Yesterday's Chapter 11 filing by the largest US coal mining company is the latest in a series of coal bankruptcies. While factors such as regulations and poorly timed acquisitions have played a role, this trend reflects the parallel technology revolutions playing out across the energy sector. Here are a few key lessons from the ongoing coal bust:
  • There are many other ways to make electricity, and coal brings nothing unique to the party. In a growing number of markets it is no longer the cheapest form of generation, and it is certainly the one with the most environmental baggage, from source to combustion.
  • Coal-fired power generation is in competition with alternatives that are already producing at scale, like nuclear and natural gas generation, or growing rapidly from a smaller base, like renewables. It may not compete with all of these in every market, but few markets lack at least one of these challengers.
  • The costs of renewables and gas have fallen significantly in recent years, due to major technology gains. Coal has also benefited from some improvements in scale and end-use technology. Today's ultra supercritical coal plants are more efficient than coal plants of a generation ago, but they are more expensive to build, even without carbon capture (CCS). However, wind and solar power continue to grow cheaper and more efficient, while gas has benefited from resource-multiplying production technologies and advanced gas turbines that can exceed 60% efficiency and ramp up and down rapidly to accommodate the swings of intermittent renewables.
  • Despite all of these threats, coal is not on the verge of being forced out of power generation, even in developed countries where all the above factors are at work. Replacing its enormous contribution to primary energy supply and electricity generation will be a very heavy lift, particularly where another major energy source like nuclear power is being phased out. Germany is the prime example of that.
Consider what it would take to replace the remainder of coal in the US power sector. Last year coal generated 33% of US electricity, down from nearly 45% in 2010. Gas picked up 70% of the drop in coal's power output, but that still left coal's contribution at 1,356 Terawatt-hours (TWh) or about 6x the grid contribution of all US wind and solar power last year. (A Terawatt is a billion kilowatts.)
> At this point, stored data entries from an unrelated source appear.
lemma card_tuple_le:
  assumes "finite T" "is_structure T art B" "R \<in> T" "t \<in> rel B R"
  shows "card (set t) \<le> arity_bound T art"
proof -
  have "length t = art R" using assms(2-4) unfolding is_structure_def by auto
  then show ?thesis using card_length[of t] arity_bound_ge(2)[OF assms(1,3), where art = art] by simp
qed

lemma induced_rel_mono: "X \<subseteq> Y \<Longrightarrow> rel (induced T B X) R \<subseteq> rel (induced T B Y) R"
  and induced_rel_subset: "rel (induced T B X) R \<subseteq> rel B R"
  unfolding induced_def by auto

definition realizes_positions :: "'t set \<Rightarrow> ('t \<Rightarrow> nat) \<Rightarrow> ('b, 't) struc \<Rightarrow> 'b set \<Rightarrow> 'b set \<Rightarrow> bool" where
  "realizes_positions T art B X0 X \<longleftrightarrow>
     (\<forall>b\<in>X0. \<forall>R\<in>T. \<forall>i<art R. \<forall>t\<in>rel B R. t ! i = b \<longrightarrow> (\<exists>t'\<in>rel B R. t' ! i = b \<and> set t' \<subseteq> X))"

lemma witness_closure:
  assumes T: "finite T" and B: "is_structure T art B" and X0: "X0 \<subseteq> univ B" "finite X0"
  shows "\<exists>X. X0 \<subseteq> X \<and> X \<subseteq> univ B \<and> realizes_positions T art B X0 X \<and>
     card X \<le> card X0 * (1 + card (SIGMA R:T. {..<art R}) * arity_bound T art)"
proof -
  define K where "K = (SIGMA R:T. {..<art R})"
  define I where "I = X0 \<times> K"
  define realized where "realized p W \<longleftrightarrow> (case p of (b, R, i) \<Rightarrow>
      \<forall>t\<in>rel B R. t ! i = b \<longrightarrow> (\<exists>t'\<in>rel B R. t' ! i = b \<and> set t' \<subseteq> W))" for p W
  have "\<exists>W. W \<subseteq> univ B \<and> card W \<le> arity_bound T art \<and> realized p W" if p_I: "p \<in> I" for p
  proof -
    obtain b R i where p: "p = (b, R, i)" and R: "R \<in> T" using p_I unfolding I_def K_def by auto
    show ?thesis
    proof (cases "\<exists>t\<in>rel B R. t ! i = b")
      case True
      then obtain t where t: "t \<in> rel B R" "t ! i = b" by blast
      then have "set t \<subseteq> univ B" using B R unfolding is_structure_def by auto
      then show ?thesis using t card_tuple_le[OF T B R t(1)] unfolding realized_def p by blast
    qed (auto simp: realized_def p)
  qed
  moreover have "realized p W'" if "realized p W" "W \<subseteq> W'" for p W W'
    using that unfolding realized_def by (fastforce split: prod.splits)
  moreover have "finite I" unfolding I_def K_def using T X0(2) by auto
  ultimately obtain W where W: "W \<subseteq> univ B" "card W \<le> card I * arity_bound T art" "\<forall>p\<in>I. realized p W"
    using union_of_small_witnesses[of I "univ B" "arity_bound T art" realized] by blast
  have "realizes_positions T art B X0 (X0 \<union> W)"
    using W(3) unfolding realizes_positions_def realized_def I_def K_def by fastforce
  moreover have "card (X0 \<union> W) \<le> card X0 * (1 + card K * arity_bound T art)"
    using card_Un_le[of X0 W] W(2) unfolding I_def by (simp add: card_cartesian_product algebra_simps)
  ultimately show ?thesis using X0(1) W(1) unfolding K_def by blast
qed

text \<open>Points of the gluing of B: a point x of the copy of P at an element b, or a point c of
  the copy of Q R at a tuple t of R(B).\<close>

type_synonym ('p, 'c, 't, 'b) point = "'p \<times> 'b + 'c \<times> 't \<times> 'b list"

locale pattern_functor =
  fixes S :: "'r set" and ar :: "'r \<Rightarrow> nat" and T :: "'t set" and art :: "'t \<Rightarrow> nat"
    and P :: "('p, 'r) struc" and Q :: "'t \<Rightarrow> ('c, 'r) struc" and q :: "'t \<Rightarrow> nat \<Rightarrow> 'p \<Rightarrow> 'c"
  assumes pattern: "pattern S ar T art P Q q"
begin

lemma P_structure: "is_structure S ar P"
  and Q_structure: "R \<in> T \<Longrightarrow> is_structure S ar (Q R)"
  and finite_S: "finite S"
  and finite_T: "finite T"
  using pattern unfolding pattern_def vocabulary_def by auto

abbreviation \<Psi> :: "('a, 'r) struc \<Rightarrow> ('p \<Rightarrow> 'a, 't) struc" where
  "\<Psi> A \<equiv> Psi S T art P Q q A"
Displacing coal completely from US electricity would require doubling the 2015 output of US gas-fired power generation and a roughly 36% increase in US natural gas production. By comparison, the US nuclear power fleet would have to more than double. If coal were to be replaced entirely by renewables, which in practice probably means gas pushing coal out of baseload power and renewables reducing gas-fired peak generation, the hill looks steep.

Last year the US added 7.3 GW of new solar installations and 8.6 GW of new wind turbines. Assuming they were mostly sited in locations with reasonable solar or wind resources, their combined annual output should be around 35 TWh. At that pace it would take another 36 years to make up what coal now generates. It's true that net annual wind and solar additions continue to grow at double-digit rates, but keeping that up may get harder as the best sites become saturated and earlier wind turbines and PV arrays reach the end of their useful lives in the meantime.

In other words, driving coal from here to zero seems possible but very difficult, even with an all-of-the-above strategy in a market without demand growth. And if electricity demand continues to grow, as it is globally, or resumed growing in the US and other developed countries to enable a big shift to electric vehicles, the prospect of retiring coal entirely recedes into the future.